lemma mult_sum_squares_in_Phi:
  assumes real: "formally_real TYPE('f)" and f: "f \<in> A" "f \<noteq> 0" and us: "set us \<subseteq> A"
  shows "f * sum_squares us \<in> Phi val an A (qqm_gen UNIV (an f)) (val f)"
proof (cases "\<exists>u\<in>set us. u \<noteq> 0")
  case False
  then show ?thesis
    by (simp add: Phi_def sum_squares_eq_0)
next
  case True
  then obtain v w cs where v: "v \<in> set us" "v \<noteq> 0" and w: "w \<in> val_units val"
    and sum: "sum_squares us = v\<^sup>2 * w" and cs: "pi w = sum_squares cs"
    using sum_squares_eq_square_times_unit[OF real] by metis
  define x where "x = f * sum_squares us"
  have x: "x = f * (v * v) * w" "x \<noteq> 0" "x \<in> A"
    using sum f v w us val_ring_in mult_closed
    by (auto simp: x_def power2_eq_square mult.assoc val_units_def val_ring_def)
  have val_x: "val x = val f + (val v + val v)"
    using x(1) f v w val_mult by (simp add: val_units_def)
  then have "same_class_G2 (val x) (val f)"
    by (auto simp: same_class_G2_def)
  moreover have "same_class_H2 val A (val x) (val f) \<or> val f < val x"
    using val_x val_in_H_grp[of v] v us
    by (cases "0 < val v") (auto simp: same_class_H2_def not_less add_pos_pos)
  moreover have "an x = an f * ((an v)\<^sup>2 * sum_squares cs)"
    using x(1) f v w an_mult an_unit[OF w] cs by (simp add: power2_eq_square val_units_def mult_ac)
  then have "an x = an f * sum_squares (map ((*) (an v)) cs)"
    by (simp only: sum_squares_mult)
  then have "an x \<in> qqm_gen UNIV (an f)"
    unfolding qqm_gen_iff by blast
  ultimately have "x \<in> Phi val an A (qqm_gen UNIV (an f)) (val f)"
    using x by (simp add: Phi_def)
  then show ?thesis
    by (simp add: x_def)
qed

lemma Phi_class_witness:
  assumes "x \<in> A" "same_class_G2 (val x) g" "same_class_H2 val A (val x) g \<or> g < val x"
  obtains a where "a \<in> A" "a \<noteq> 0" "val x = g + (val a + val a)"
  using assms(3)
proof
  assume "same_class_H2 val A (val x) g"
  then show ?thesis
    using that by (force simp: same_class_H2_def H_grp_def algebra_simps)
next
  assume "g < val x"
  moreover obtain h where h: "val x - g = h + h"
    using assms(2) by (auto simp: same_class_G2_def)
  ultimately have "0 < h"
    by (metis diff_gt_0_iff_gt zero_less_double_add_iff_zero_less_single_add)
  obtain b where b: "b \<noteq> 0" "val b = h"
    using val_surj by blast
  then have "b \<in> A"
    using \<open>0 < h\<close> val_ring_in by (simp add: val_ring_def)
  then show ?thesis
    using that[of b] b h by (simp add: diff_eq_eq add.commute)
qed

lemma Phi_nonzero_in_qqm_gen:
  assumes hensel: "two_henselian val pi" and f: "f \<in> A" "f \<noteq> 0"
    and x: "x \<in> Phi val an A (qqm_gen UNIV (an f)) (val f)" "x \<noteq> 0"
  shows "x \<in> qqm_gen A f"
proof -
  obtain cs where cs: "an x = an f * sum_squares cs"
    using x by (auto simp: Phi_def qqm_gen_iff)
  obtain a where a: "a \<in> A" "a \<noteq> 0" "val x = val f + (val a + val a)"
    using x Phi_class_witness[of x "val f"] by (auto simp: Phi_def)
  obtain bs where bs: "set bs \<subseteq> val_ring val" "map pi bs = map (\<lambda>c. c / an a) cs"
    using sum_squares_lift by blast
  define s where "s = sum_squares bs"
  have s_res: "s \<in> val_ring val" "pi s = sum_squares (map pi bs)"
    using sum_squares_residue[OF bs(1)] by (simp_all add: s_def)
  have "pi s = (inverse (an a))\<^sup>2 * sum_squares cs"
    using s_res(2) bs(2) sum_squares_mult[of "inverse (an a)" cs]
    by (simp add: o_def divide_inverse mult.commute)
  then have pi_s: "an a * an a * pi s = sum_squares cs"
    using an_nonzero[OF a(2)] by (simp add: power2_eq_square field_simps)
  moreover have "sum_squares cs \<noteq> 0"
    using cs an_nonzero x(2) by force
  ultimately have s: "s \<in> val_units val"
    using s_res(1) residue_nonzero_imp_unit by force
  define y where "y = f * (a * a) * s"
  have y: "y \<noteq> 0" "val x = val y" "an x = an y"
    using s a f pi_s cs an_unit[OF s]
    by (simp_all add: y_def val_units_def val_mult an_mult mult.assoc)
  then obtain z where z: "z \<in> val_units val" "x = z\<^sup>2 * y"
    using square_multiple_of_same_val_an[OF x(2) y hensel] by blast
  then have za: "z * a \<in> A"
    using a(1) val_ring_in mult_closed by (simp add: val_units_def val_ring_def)
  moreover have "x = f * ((z * a)\<^sup>2 * s)"
    using z(2) by (simp add: y_def power2_eq_square mult_ac)
  then have "x = f * sum_squares (map ((*) (z * a)) bs)"
    by (simp only: s_def sum_squares_mult)
  moreover have "set (map ((*) (z * a)) bs) \<subseteq> A"
    using bs(1) za val_ring_in mult_closed by auto
  ultimately show ?thesis
    unfolding qqm_gen_iff by blast
qed

end

theorem mainTheorem14:
  fixes val :: "'k::field \<Rightarrow> 'g::linordered_ab_group_add"
    and pi :: "'k \<Rightarrow> 'f::field"
    and an :: "'k \<Rightarrow> 'f"
    and A :: "'k set"
    and f :: 'k
  assumes "valuation val"
    and "residue_map val pi"
    and "(2::'f) \<noteq> 0"
    and "formally_real TYPE('f)"
    and "two_henselian val pi"
    and "angular_component val pi an"
    and "is_subring A"
    and "val_ring val \<subseteq> A"
    and "f \<in> A" and "f \<noteq> 0"
  shows "qqm_gen A f = Phi val an A (qqm_gen UNIV (an f)) (val f)"
proof -
  interpret overring val pi an A
    using assms(1,2,6-8) by unfold_locales
  show ?thesis
  proof (intro set_eqI iffI)
    fix x
    assume "x \<in> qqm_gen A f"
    then show "x \<in> Phi val an A (qqm_gen UNIV (an f)) (val f)"
      using mult_sum_squares_in_Phi assms(4,9,10) by (auto simp: qqm_gen_iff)
  next
    fix x
    assume "x \<in> Phi val an A (qqm_gen UNIV (an f)) (val f)"
    then show "x \<in> qqm_gen A f"
      using Phi_nonzero_in_qqm_gen[OF assms(5,9,10)] qqm_gen_iff[of 0 A f]
      by (cases "x = 0") (auto intro: exI[of _ "[]"])
  qed
qed

end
══════════
▶ [TASK GOAL]:
Every entry above has to be returned exactly as written.

▶ [REPLY TO THE EXERCISE]:
lemma mult_sum_squares_in_Phi:
  assumes real: "formally_real TYPE('f)" and f: "f \<in> A" "f \<noteq> 0" and us: "set us \<subseteq> A"
  shows "f * sum_squares us \<in> Phi val an A (qqm_gen UNIV (an f)) (val f)"
proof (cases "\<exists>u\<in>set us. u \<noteq> 0")
  case False
  then show ?thesis
    by (simp add: Phi_def sum_squares_eq_0)
next
  case True
  then obtain v w cs where v: "v \<in> set us" "v \<noteq> 0" and w: "w \<in> val_units val"
    and sum: "sum_squares us = v\<^sup>2 * w" and cs: "pi w = sum_squares cs"
    using sum_squares_eq_square_times_unit[OF real] by metis
  define x where "x = f * sum_squares us"
  have x: "x = f * (v * v) * w" "x \<noteq> 0" "x \<in> A"
    using sum f v w us val_ring_in mult_closed
    by (auto simp: x_def power2_eq_square mult.assoc val_units_def val_ring_def)
  have val_x: "val x = val f + (val v + val v)"
    using x(1) f v w val_mult by (simp add: val_units_def)
  then have "same_class_G2 (val x) (val f)"
    by (auto simp: same_class_G2_def)
  moreover have "same_class_H2 val A (val x) (val f) \<or> val f < val x"
    using val_x val_in_H_grp[of v] v us
    by (cases "0 < val v") (auto simp: same_class_H2_def not_less add_pos_pos)
  moreover have "an x = an f * ((an v)\<^sup>2 * sum_squares cs)"
    using x(1) f v w an_mult an_unit[OF w] cs by (simp add: power2_eq_square val_units_def mult_ac)
  then have "an x = an f * sum_squares (map ((*) (an v)) cs)"
    by (simp only: sum_squares_mult)
  then have "an x \<in> qqm_gen UNIV (an f)"
    unfolding qqm_gen_iff by blast
  ultimately have "x \<in> Phi val an A (qqm_gen UNIV (an f)) (val f)"
    using x by (simp add: Phi_def)
  then show ?thesis
    by (simp add: x_def)
qed

lemma Phi_class_witness:
  assumes "x \<in> A" "same_class_G2 (val x) g" "same_class_H2 val A (val x) g \<or> g < val x"
  obtains a where "a \<in> A" "a \<noteq> 0" "val x = g + (val a + val a)"
  using assms(3)
proof
  assume "same_class_H2 val A (val x) g"
  then show ?thesis
    using that by (force simp: same_class_H2_def H_grp_def algebra_simps)
next
  assume "g < val x"
  moreover obtain h where h: "val x - g = h + h"
    using assms(2) by (auto simp: same_class_G2_def)
  ultimately have "0 < h"
    by (metis diff_gt_0_iff_gt zero_less_double_add_iff_zero_less_single_add)
  obtain b where b: "b \<noteq> 0" "val b = h"
    using val_surj by blast
  then have "b \<in> A"
    using \<open>0 < h\<close> val_ring_in by (simp add: val_ring_def)
  then show ?thesis
    using that[of b] b h by (simp add: diff_eq_eq add.commute)
qed

lemma Phi_nonzero_in_qqm_gen:
  assumes hensel: "two_henselian val pi" and f: "f \<in> A" "f \<noteq> 0"
    and x: "x \<in> Phi val an A (qqm_gen UNIV (an f)) (val f)" "x \<noteq> 0"
  shows "x \<in> qqm_gen A f"
proof -
  obtain cs where cs: "an x = an f * sum_squares cs"
    using x by (auto simp: Phi_def qqm_gen_iff)
  obtain a where a: "a \<in> A" "a \<noteq> 0" "val x = val f + (val a + val a)"
    using x Phi_class_witness[of x "val f"] by (auto simp: Phi_def)
  obtain bs where bs: "set bs \<subseteq> val_ring val" "map pi bs = map (\<lambda>c. c / an a) cs"
    using sum_squares_lift by blast
  define s where "s = sum_squares bs"
  have s_res: "s \<in> val_ring val" "pi s = sum_squares (map pi bs)"
    using sum_squares_residue[OF bs(1)] by (simp_all add: s_def)
  have "pi s = (inverse (an a))\<^sup>2 * sum_squares cs"
    using s_res(2) bs(2) sum_squares_mult[of "inverse (an a)" cs]
    by (simp add: o_def divide_inverse mult.commute)
  then have pi_s: "an a * an a * pi s = sum_squares cs"
    using an_nonzero[OF a(2)] by (simp add: power2_eq_square field_simps)
  moreover have "sum_squares cs \<noteq> 0"
    using cs an_nonzero x(2) by force
  ultimately have s: "s \<in> val_units val"
    using s_res(1) residue_nonzero_imp_unit by force
  define y where "y = f * (a * a) * s"
  have y: "y \<noteq> 0" "val x = val y" "an x = an y"
    using s a f pi_s cs an_unit[OF s]
    by (simp_all add: y_def val_units_def val_mult an_mult mult.assoc)
  then obtain z where z: "z \<in> val_units val" "x = z\<^sup>2 * y"
    using square_multiple_of_same_val_an[OF x(2) y hensel] by blast
  then have za: "z * a \<in> A"
    using a(1) val_ring_in mult_closed by (simp add: val_units_def val_ring_def)
  moreover have "x = f * ((z * a)\<^sup>2 * s)"
    using z(2) by (simp add: y_def power2_eq_square mult_ac)
  then have "x = f * sum_squares (map ((*) (z * a)) bs)"
    by (simp only: s_def sum_squares_mult)
  moreover have "set (map ((*) (z * a)) bs) \<subseteq> A"
    using bs(1) za val_ring_in mult_closed by auto
  ultimately show ?thesis
    unfolding qqm_gen_iff by blast
qed

end

theorem mainTheorem14:
  fixes val :: "'k::field \<Rightarrow> 'g::linordered_ab_group_add"
    and pi :: "'k \<Rightarrow> 'f::field"
    and an :: "'k \<Rightarrow> 'f"
    and A :: "'k set"
    and f :: 'k
  assumes "valuation val"
    and "residue_map val pi"
    and "(2::'f) \<noteq> 0"
    and "formally_real TYPE('f)"
    and "two_henselian val pi"
    and "angular_component val pi an"
    and "is_subring A"
    and "val_ring val \<subseteq> A"
    and "f \<in> A" and "f \<noteq> 0"
  shows "qqm_gen A f = Phi val an A (qqm_gen UNIV (an f)) (val f)"
proof -
  interpret overring val pi an A
    using assms(1,2,6-8) by unfold_locales
  show ?thesis
  proof (intro set_eqI iffI)
    fix x
    assume "x \<in> qqm_gen A f"
    then show "x \<in> Phi val an A (qqm_gen UNIV (an f)) (val f)"
      using mult_sum_squares_in_Phi assms(4,9,10) by (auto simp: qqm_gen_iff)
  next
    fix x
    assume "x \<in> Phi val an A (qqm_gen UNIV (an f)) (val f)"
    then show "x \<in> qqm_gen A f"
      using Phi_nonzero_in_qqm_gen[OF assms(5,9,10)] qqm_gen_iff[of 0 A f]
      by (cases "x = 0") (auto intro: exI[of _ "[]"])
  qed
qed

end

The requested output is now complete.